Tiempo de reflexionar

Un año se va, otro año comienza y toca hacer el balance de este 2015 al que le quedan muy pocas horas de vida y pensar en lo que se espera de este 2016 que estamos por estrenar.

El año que ya termina comenzó con ilusiones: un proyecto interesante por delante, una casa que hacer nuestra y 365 días para aprender, disfrutar, reír y, en definitiva, vivir. Ha sido un año duro, donde la sangre, el sudor y las lágrimas han corrido y mucho para conseguir dar un gran paso adelante en lo laboral y replantearme muchas cosas en lo personal.

Aparecieron baches en el camino, que me hicieron tropezar, tener que levantarme, volver a caer y sacar fuerzas de donde creía que no tenía para alzarme una vez más y seguir caminando. Los golpes recibidos durante el año, que no han sido poco, sólo han servido para hacerme más fuerte y ser capaz de ver las cosas desde una perspectiva más adulta.

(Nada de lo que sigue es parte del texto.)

(* Let $G=(\Sigma,S,s_0,\delta)$ be a commutative grammar. If $D$ is a simple cycle or a skeleton run of $G$, then $\|\mathrm{out}(D)\|=O\!\left(2^{|S|^{O(1)}}\right)$, where the implicit constants are absolute (independent of $G$ and $D$).
   Context: For $v\in\mathbb{N}^X$, $|v|=\sum_x v(x)$ and $\|v\|=\max_x v(x)$. A commutative grammar is $G=(\Sigma,S,s_0,\delta)$ with finite alphabet $\Sigma$, finite state set $S$, $s_0\in S$, and a finite set $\delta\subseteq S\times\mathbb{N}^\Sigma\times\mathbb{N}^S$ of transitions $\tau=(s,a,t)$ ($\mathrm{source}(\tau)=s$, $\mathrm{out}(\tau)=a$, $\mathrm{target}(\tau)=t$); every state is the source of some transition, and every transition has $|a|\le1$, $|t|\le2$. For $D\in\mathbb{N}^\delta$ let $\mathrm{source}(D)(s)=\sum_{\mathrm{source}(\tau)=s}D(\tau)$, $\mathrm{out}(D)=\sum_\tau D(\tau)\mathrm{out}(\tau)$, $\mathrm{target}(D)=\sum_\tau D(\tau)\mathrm{target}(\tau)$, $\mathrm{supp}(D)=\{s:\mathrm{source}(D)(s)>0\}$. $D$ is connected from $s$ if every $t\in\mathrm{supp}(D)$ equals $s$ or is reachable by transitions $\tau_1,\ldots,\tau_m$ with $D(\tau_i)>0$, $\mathrm{source}(\tau_1)=s$, $\mathrm{source}(\tau_{i+1})\in\mathrm{target}(\tau_i)$, $t\in\mathrm{target}(\tau_m)$. $D$ is a cycle from $s$ if it is connected from $s$ and $\mathrm{source}(D)=\mathrm{target}(D)$; a cycle is a cycle from some state. $D$ is a run if it is connected from $s_0$ and $\mathrm{source}(D)=\mathrm{target}(D)+\{s_0\}$. A simple cycle is a nonzero cycle that cannot be written as a sum of smaller nonzero cycles. A skeleton run is a run $D$ which cannot be written as $D=D_1+C$ with $D_1$ a run, $C$ a nonzero cycle, and $\mathrm{supp}(D_1)=\mathrm{supp}(D)$. *)

theory Defs
  imports Main "HOL-Library.Multiset"
begin
definition hs :: "('v \<Rightarrow> 'v \<Rightarrow> bool) \<Rightarrow> 'v \<Rightarrow> 'v \<Rightarrow> 'v set" where
  "hs E a b = {v. gdist E v a < gdist E v b}"

definition HS :: "('v \<Rightarrow> 'v \<Rightarrow> bool) \<Rightarrow> 'v set set" where
  "HS E = {hs E a b | a b. E a b}"

definition wallE :: "('v \<Rightarrow> 'v \<Rightarrow> bool) \<Rightarrow> 'v \<Rightarrow> 'v \<Rightarrow> 'v set set" where
  "wallE E a b = {hs E a b, hs E b a}"

definition walls :: "('v \<Rightarrow> 'v \<Rightarrow> bool) \<Rightarrow> 'v set set set" where
  "walls E = {wallE E a b | a b. E a b}"

definition wall_of :: "'v set \<Rightarrow> 'v set set" where
  "wall_of h = {h, - h}"

subsection \<open>Geometric realisation: points as half-space coordinates in [0,1]\<close>

definition vpt :: "('v \<Rightarrow> 'v \<Rightarrow> bool) \<Rightarrow> 'v \<Rightarrow> 'v set \<Rightarrow> real" where
  "vpt E v = (\<lambda>h. if h \<in> HS E \<and> v \<in> h then 1 else 0)"

text \<open>cube E v S: the walls in S span a cube at the vertex v (all flips of subsets of S are vertices).\<close>
definition cube :: "('v \<Rightarrow> 'v \<Rightarrow> bool) \<Rightarrow> 'v \<Rightarrow> 'v set set set \<Rightarrow> bool" where
  "cube E v S \<longleftrightarrow> finite S \<and> S \<subseteq> walls E \<and>
     (\<forall>T\<subseteq>S. \<exists>u. \<forall>h\<in>HS E. (u \<in> h \<longleftrightarrow> ((v \<in> h) \<noteq> (wall_of h \<in> T))))"

definition in_cube :: "('v \<Rightarrow> 'v \<Rightarrow> bool) \<Rightarrow> 'v \<Rightarrow> 'v set set set \<Rightarrow> ('v set \<Rightarrow> real) \<Rightarrow> bool" where
  "in_cube E v S p \<longleftrightarrow> (\<forall>h. h \<notin> HS E \<longrightarrow> p h = 0) \<and>
     (\<forall>h\<in>HS E. if wall_of h \<in> S then 0 \<le> p h \<and> p h \<le> 1 \<and> p (- h) = 1 - p h
                 else p h = vpt E v h)"

definition Pts :: "('v \<Rightarrow> 'v \<Rightarrow> bool) \<Rightarrow> ('v set \<Rightarrow> real) set" where
  "Pts E = {p. \<exists>v S. cube E v S \<and> in_cube E v S p}"

definition same_cube :: "('v \<Rightarrow> 'v \<Rightarrow> bool) \<Rightarrow> ('v set \<Rightarrow> real) \<Rightarrow> ('v set \<Rightarrow> real) \<Rightarrow> bool" where
  "same_cube E p q \<longleftrightarrow> (\<exists>v S. cube E v S \<and> in_cube E v S p \<and> in_cube E v S q)"

text \<open>Euclidean distance inside a common cube (each wall contributes two half-space coordinates).\<close>
definition cdist :: "('v \<Rightarrow> 'v \<Rightarrow> bool) \<Rightarrow> ('v set \<Rightarrow> real) \<Rightarrow> ('v set \<Rightarrow> real) \<Rightarrow> real" where
  "cdist E p q = sqrt ((\<Sum>h\<in>{h\<in>HS E. p h \<noteq> q h}. (p h - q h)^2) / 2)"

definition is_chain :: "('v \<Rightarrow> 'v \<Rightarrow> bool) \<Rightarrow> ('v set \<Rightarrow> real) \<Rightarrow> ('v set \<Rightarrow> real) \<Rightarrow> ('v set \<Rightarrow> real) list \<Rightarrow> bool" where
  "is_chain E p q ps \<longleftrightarrow> ps \<noteq> [] \<and> hd ps = p \<and> last ps = q \<and>
     (\<forall>i < length ps - 1. same_cube E (ps ! i) (ps ! Suc i))"

definition chain_len :: "('v \<Rightarrow> 'v \<Rightarrow> bool) \<Rightarrow> ('v set \<Rightarrow> real) list \<Rightarrow> real" where
  "chain_len E ps = (\<Sum>i < length ps - 1. cdist E (ps ! i) (ps ! Suc i))"

definition cdX :: "('v \<Rightarrow> 'v \<Rightarrow> bool) \<Rightarrow> ('v set \<Rightarrow> real) \<Rightarrow> ('v set \<Rightarrow> real) \<Rightarrow> real" where
  "cdX E p q = Inf {chain_len E ps | ps. is_chain E p q ps}"

definition mtop :: "('v \<Rightarrow> 'v \<Rightarrow> bool) \<Rightarrow> ('v set \<Rightarrow> real) topology" where
  "mtop E = Metric_space.mtopology (Pts E) (cdX E)"

definition hyp :: "('v \<Rightarrow> 'v \<Rightarrow> bool) \<Rightarrow> 'v set set \<Rightarrow> ('v set \<Rightarrow> real) set" where
  "hyp E W = {p \<in> Pts E. \<forall>h\<in>W. p h = 1/2}"

definition ghalf :: "('v \<Rightarrow> 'v \<Rightarrow> bool) \<Rightarrow> 'v set \<Rightarrow> ('v set \<Rightarrow> real) set" where
  "ghalf E h = {p \<in> Pts E. p h \<ge> 1/2}"

definition wdist :: "('v \<Rightarrow> 'v \<Rightarrow> bool) \<Rightarrow> 'v set set \<Rightarrow> 'v set set \<Rightarrow> real" where
  "wdist E W1 W2 = Inf {cdX E p q | p q. p \<in> hyp E W1 \<and> q \<in> hyp E W2}"

definition finite_dim :: "('v \<Rightarrow> 'v \<Rightarrow> bool) \<Rightarrow> bool" where
  "finite_dim E \<longleftrightarrow> bdd_above {card S | S. \<exists>v. cube E v S}"

definition dimX :: "('v \<Rightarrow> 'v \<Rightarrow> bool) \<Rightarrow> nat" where
  "dimX E = Sup {card S | S. \<exists>v. cube E v S}"

definition geodesic :: "('v \<Rightarrow> 'v \<Rightarrow> bool) \<Rightarrow> ('v set \<Rightarrow> real) \<Rightarrow> ('v set \<Rightarrow> real) \<Rightarrow> (real \<Rightarrow> 'v set \<Rightarrow> real) \<Rightarrow> bool" where
  "geodesic E p q \<gamma> \<longleftrightarrow> \<gamma> 0 = p \<and> \<gamma> (cdX E p q) = q \<and>
     (\<forall>s\<in>{0..cdX E p q}. \<gamma> s \<in> Pts E) \<and>
     (\<forall>s\<in>{0..cdX E p q}. \<forall>t\<in>{0..cdX E p q}. cdX E (\<gamma> s) (\<gamma> t) = \<bar>s - t\<bar>)"

definition hyperbolic :: "('v \<Rightarrow> 'v \<Rightarrow> bool) \<Rightarrow> real \<Rightarrow> bool" where
  "hyperbolic E \<delta> \<longleftrightarrow> (\<forall>p q r \<gamma>1 \<gamma>2 \<gamma>3. p \<in> Pts E \<and> q \<in> Pts E \<and> r \<in> Pts E \<and>
      geodesic E p q \<gamma>1 \<and> geodesic E q r \<gamma>2 \<and> geodesic E r p \<gamma>3 \<longrightarrow>
      (\<forall>x\<in>\<gamma>1 ` {0..cdX E p q}. \<exists>y\<in>\<gamma>2 ` {0..cdX E q r} \<union> \<gamma>3 ` {0..cdX E r p}. cdX E x y \<le> \<delta>))"

definition auto_action :: "('g, 'b) monoid_scheme \<Rightarrow> ('v \<Rightarrow> 'v \<Rightarrow> bool) \<Rightarrow> ('g \<Rightarrow> 'v \<Rightarrow> 'v) \<Rightarrow> bool" where
  "auto_action G E \<phi> \<longleftrightarrow>
     (\<forall>g\<in>carrier G. bij (\<phi> g) \<and> (\<forall>x y. E x y \<longleftrightarrow> E (\<phi> g x) (\<phi> g y))) \<and>
     \<phi> \<one>\<^bsub>G\<^esub> = id \<and>
     (\<forall>g\<in>carrier G. \<forall>h\<in>carrier G. \<phi> (g \<otimes>\<^bsub>G\<^esub> h) = \<phi> g \<circ> \<phi> h)"

definition pact :: "('g \<Rightarrow> 'v \<Rightarrow> 'v) \<Rightarrow> 'g \<Rightarrow> ('v set \<Rightarrow> real) \<Rightarrow> ('v set \<Rightarrow> real)" where
  "pact \<phi> g p = (\<lambda>h. p (\<phi> g -` h))"

definition proper_action :: "('g, 'b) monoid_scheme \<Rightarrow> ('v \<Rightarrow> 'v \<Rightarrow> bool) \<Rightarrow> ('g \<Rightarrow> 'v \<Rightarrow> 'v) \<Rightarrow> bool" where
  "proper_action G E \<phi> \<longleftrightarrow> (\<forall>C. compactin (mtop E) C \<longrightarrow>
      finite {g \<in> carrier G. pact \<phi> g ` C \<inter> C \<noteq> {}})"

definition cocompact_on :: "('v \<Rightarrow> 'v \<Rightarrow> bool) \<Rightarrow> ('g \<Rightarrow> 'v \<Rightarrow> 'v) \<Rightarrow> 'g set \<Rightarrow> ('v set \<Rightarrow> real) set \<Rightarrow> bool" where
  "cocompact_on E \<phi> A Y \<longleftrightarrow> (\<exists>C. compactin (mtop E) C \<and> C \<subseteq> Y \<and> Y \<subseteq> (\<Union>g\<in>A. pact \<phi> g ` C))"

definition wimg :: "('g \<Rightarrow> 'v \<Rightarrow> 'v) \<Rightarrow> 'g \<Rightarrow> 'v set set \<Rightarrow> 'v set set" where
  "wimg \<phi> g W = (\<lambda>h. \<phi> g ` h) ` W"

text \<open>The wall of the quotient X/K that is the image of the wall W (its K-orbit).\<close>
definition Wbar :: "('g \<Rightarrow> 'v \<Rightarrow> 'v) \<Rightarrow> 'g set \<Rightarrow> 'v set set \<Rightarrow> 'v set set set" where
  "Wbar \<phi> K W = {wimg \<phi> k W | k. k \<in> K}"

definition VGamma :: "('v \<Rightarrow> 'v \<Rightarrow> bool) \<Rightarrow> ('g \<Rightarrow> 'v \<Rightarrow> 'v) \<Rightarrow> 'g set \<Rightarrow> 'v set set set set" where
  "VGamma E \<phi> K = Wbar \<phi> K ` walls E"

definition qdist :: "('v \<Rightarrow> 'v \<Rightarrow> bool) \<Rightarrow> 'v set set set \<Rightarrow> 'v set set set \<Rightarrow> real" where
  "qdist E O1 O2 = Inf {wdist E W1 W2 | W1 W2. W1 \<in> O1 \<and> W2 \<in> O2}"

definition GammaRel :: "('v \<Rightarrow> 'v \<Rightarrow> bool) \<Rightarrow> ('g \<Rightarrow> 'v \<Rightarrow> 'v) \<Rightarrow> 'g set \<Rightarrow> real \<Rightarrow> ('v set set set \<times> 'v set set set) set" where
  "GammaRel E \<phi> K R = {(O1, O2). O1 \<in> VGamma E \<phi> K \<and> O2 \<in> VGamma E \<phi> K \<and> O1 \<noteq> O2 \<and> qdist E O1 O2 \<le> R}"

definition gball :: "('v \<Rightarrow> 'v \<Rightarrow> bool) \<Rightarrow> ('g \<Rightarrow> 'v \<Rightarrow> 'v) \<Rightarrow> 'g set \<Rightarrow> real \<Rightarrow> nat \<Rightarrow> 'v set set set \<Rightarrow> 'v set set set set" where
  "gball E \<phi> K R r U = {U'. \<exists>n\<le>r. (U, U') \<in> (GammaRel E \<phi> K R) ^^ n}"

text \<open>Proper colourings C_m(Gamma); maps are extended by 0 outside V(Gamma).\<close>
definition Col :: "('v \<Rightarrow> 'v \<Rightarrow> bool) \<Rightarrow> ('g \<Rightarrow> 'v \<Rightarrow> 'v) \<Rightarrow> 'g set \<Rightarrow> real \<Rightarrow> nat \<Rightarrow> ('v set set set \<Rightarrow> nat) set" where
  "Col E \<phi> K R m = {c. (\<forall>U\<in>VGamma E \<phi> K. c U \<in> {1..m}) \<and> (\<forall>U. U \<notin> VGamma E \<phi> K \<longrightarrow> c U = 0) \<and>
      (\<forall>(O1, O2)\<in>GammaRel E \<phi> K R. c O1 \<noteq> c O2)}"

definition cact :: "('g, 'b) monoid_scheme \<Rightarrow> ('g \<Rightarrow> 'v \<Rightarrow> 'v) \<Rightarrow> 'g \<Rightarrow> ('v set set set \<Rightarrow> nat) \<Rightarrow> ('v set set set \<Rightarrow> nat)" where
  "cact G \<phi> g c = (\<lambda>U. c (wimg \<phi> (inv\<^bsub>G\<^esub> g) ` U))"

definition cls :: "('v \<Rightarrow> 'v \<Rightarrow> bool) \<Rightarrow> ('g \<Rightarrow> 'v \<Rightarrow> 'v) \<Rightarrow> 'g set \<Rightarrow> real \<Rightarrow> nat \<Rightarrow> ('v set set set \<Rightarrow> nat) \<Rightarrow> 'v set set \<Rightarrow> ('v set set set \<Rightarrow> nat) set" where
  "cls E \<phi> K R k c W = {c' \<in> Col E \<phi> K R (k + 1).
      \<forall>U\<in>gball E \<phi> K R (c (Wbar \<phi> K W)) (Wbar \<phi> K W). c' U = c U}"

end

theory Submission
  imports Defs
begin

text \<open>The vertices of \<open>Z\<close> form an intersection of half-spaces of the 1-skeleton of \<open>X\<close>, a median
  graph. Such a set is convex, and every edge leaving it is dual to one of its defining
  half-spaces. Given two edges \<open>x y\<close> and \<open>x' y'\<close> leaving \<open>Z\<close> across \<open>W\<close>, the quadrangle condition
  produces a neighbour of \<open>x\<close> in \<open>Z\<close>, one step closer to \<open>x'\<close>, which again has an edge leaving
  \<open>Z\<close> across \<open>W\<close>; so \<open>x\<close> and \<open>x'\<close> are joined by a path of such vertices inside \<open>Z\<close>.
  Along an edge \<open>x u\<close> of that path the walls of \<open>x u\<close> and \<open>x y\<close> meet the same cube, so their
  images are adjacent in \<open>\<Gamma>\<close>, and by (P2) the colour of the first exceeds \<open>j \<ge> c\<^sub>x(W)\<close>. Hence the
  ball defining \<open>[c\<^sub>x]\<^bsub>xu\<^esub>\<close> contains the ball defining \<open>[c\<^sub>x]\<^sub>W\<close>, and (P1) transports both
  \<open>[c\<^sub>x]\<^sub>W\<close> and \<open>c\<^sub>x(W)\<close> to \<open>u\<close>.\<close>

section \<open>Median graphs\<close>

locale median =
  fixes E :: "'v \<Rightarrow> 'v \<Rightarrow> bool"
  assumes median_graph: "median_graph E"
begin

lemma edge_sym: "E x y \<Longrightarrow> E y x"
  using median_graph unfolding median_graph_def by blast

lemma edge_irrefl: "\<not> E x x"
  using median_graph unfolding median_graph_def by blast

abbreviation is_median :: "'v \<Rightarrow> 'v \<Rightarrow> 'v \<Rightarrow> 'v \<Rightarrow> bool" where
  "is_median a b c m \<equiv> gdist E a m + gdist E m b = gdist E a b \<and>
     gdist E b m + gdist E m c = gdist E b c \<and> gdist E a m + gdist E m c = gdist E a c"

He afrontado miedos, decepciones y sobresfuerzos, saliendo airoso en todo momento, y siendo ahora una persona nueva, más madura, o eso creo, y que ha cambiado sus prioridades en esta vida. Ya no me interesa hacer aquello que otros quieren que haga. Tampoco me importa no ser aquél que otros quieren que sea. Cada día soy más yo mismo y, aunque aún queda un largo camino que recorrer, no hubiera sido posible si no hubiera tenido a mi lado a personas que han soportado todo el peso de mi cuerpo cuando creía no poder más.

He perdido mucho en lo que ya llevo andado, pero aquello que ha permanecido o que ha comenzado este año a formar parte de mi vida, se ha vuelto aún más importante. Las lágrimas derramadas, se han secado. Algunas cicatrices aún duelen, pero son heridas cerradas que, sin duda, cuando menos lo espere, serán meras anécdotas que podré contar con una sonrisa en la boca.

Y es que eso es lo que pido para este 2016: sonreír. Quiero deshacerme de aquello que no me aporte alegría, sea lo que sea y sea quién sea. Quiero seguir levantándome por las mañanas y tener a mi lado a esa persona que, todos los días, sin excepción, me hace reír y que da sentido a mi vida. Quiero elegir a aquellos que me hacen pasar buenos ratos, ya que los malos vienen solos, y no hace falta personas que te los traigan, como meros mensajeros de la desdicha.

No será fácil, y no pretendo que lo sea, pero es la actitud con la que espero recibir al nuevo año. Tenemos un lienzo en blanco delante de nosotros, dispuesto a que lo pintemos con los colores que deseemos, y os aseguro que, al menos yo, pienso llenarlo de colores alegres, olvidar los claro-oscuros de este último año y luchar para impedir que nadie intente darle pinceladas negras a estos 366 días que están por llegar.

Os deseo un muy feliz y sonriente 2016.